Who Care's the most about SPEED?????????

The Dayum Builder,,, 

If you adjust a banjo and get the material right,, you can lay on some super nice tape ,,, clean and easy.. without all the excessive material going into your pan.


----------



## Bill from Indy (Apr 26, 2010)

betterdrywall said:


> Who Care's the most about SPEED?????????
> 
> The Dayum Builder,,,
> 
> If you adjust a banjo and get the material right,, you can lay on some super nice tape ,,, clean and easy.. without all the excessive material going into your pan.


although your right, your off a bit...my pocket cares at the end of the week or job..for me, that doesn't punch a time clock


----------



## betterdrywall (May 4, 2010)

Bill from Indy said:


> although your right, your off a bit...my pocket cares at the end of the week or job..for me, that doesn't punch a time clock


But BILL!!!!! I'm only trying for a 20 hour work week with the same Pay,,, Now if everyone would just think the same way!!!! 
I know wishful thinking,,,


----------



## taper71 (Dec 9, 2007)

betterdrywall said:


> But BILL!!!!! I'm only trying for a 20 hour work week with the same Pay,,, Now if everyone would just think the same way!!!!
> I know wishful thinking,,,


Thats a good goal :thumbsup: I average about 30 on the tools , but the buisness side of it is ongoing.


----------



## silverstilts (Oct 15, 2008)

betterdrywall said:


> But BILL!!!!! I'm only trying for a 20 hour work week with the same Pay,,, Now if everyone would just think the same way!!!!
> I know wishful thinking,,,


A 20 hour work week , are u just a part timer?
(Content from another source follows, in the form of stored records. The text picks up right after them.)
definition Pi_krom :: "'p set \<Rightarrow> ('p \<Rightarrow> nat) \<Rightarrow> nat \<Rightarrow> nat \<Rightarrow> 'p krom set" where
  "Pi_krom tau ar r k = {phi. krom_wf tau ar r phi \<and> kpref phi \<noteq> [] \<and>
      fst (hd (kpref phi)) = False \<and> nblocks (kpref phi) = k}"

text \<open>Finite tau-structures with universe a finite nonempty set of naturals (every finite
structure is isomorphic to one of these).\<close>
definition tuples :: "nat set \<Rightarrow> nat \<Rightarrow> nat list set" where
  "tuples A n = {xs. length xs = n \<and> set xs \<subseteq> A}"

definition is_structure :: "'p set \<Rightarrow> ('p \<Rightarrow> nat) \<Rightarrow> nat set \<Rightarrow> ('p \<Rightarrow> nat list set) \<Rightarrow> bool" where
  "is_structure tau ar A I \<longleftrightarrow> finite A \<and> A \<noteq> {} \<and> (\<forall>p \<in> tau. I p \<subseteq> tuples A (ar p))"

fun folit_sem :: "('p \<Rightarrow> nat list set) \<Rightarrow> (nat \<Rightarrow> nat) \<Rightarrow> 'p folit \<Rightarrow> bool" where
  "folit_sem I s (FPos p ys) = (map s ys \<in> I p)"
| "folit_sem I s (FNeg p ys) = (map s ys \<notin> I p)"
| "folit_sem I s (FEq x y) = (s x = s y)"
| "folit_sem I s (FNeq x y) = (s x \<noteq> s y)"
Not to many jobs only demand 20 hours (in the drywall industry that is). I honestly think if word got out that you only want to work a few hours a week not too many people would take lightly with that idea especially if you had a 4-5 hundred sheet home to get done. General Contractors & homeowners want stuff done and they usually want it done yesterday not a month or two of coming and going. It would be like you hiring a full time employee but he only wants to work 20 hrs a week how would you feel about that? You would laugh at the very idea and find someone else. You would probably only end up with all the throw back jobs nobody else wants to do, maybe you only take on very small jobs don't know your situation but it is no way to make a living especially if you want to do more than just make a living what about stashing some of it away for a rainy day or retirement, or just to buy some toys for yourself... I could see it if you were near retirement or are retired just to keep yourself busy, like i said don't know your situation ...


----------



## 2buckcanuck (Jul 9, 2010)

silverstilts said:


> How about 1 with a tube and two wiping down if they can keep up , eliminate the 4th on the payroll and use his wages to increase the others wages or just pocket the money.. I am sure at least 2 employees would go for the extra money...


and if that 4th person on the payroll turns out to be your wife,,,,even better:thumbsup:


----------



## jmr (Mar 22, 2010)

If you have a cart to roll mud while your taping uppers and your skilled, a banjo is very fast... also cheap, easy to clean... just plain simple.


----------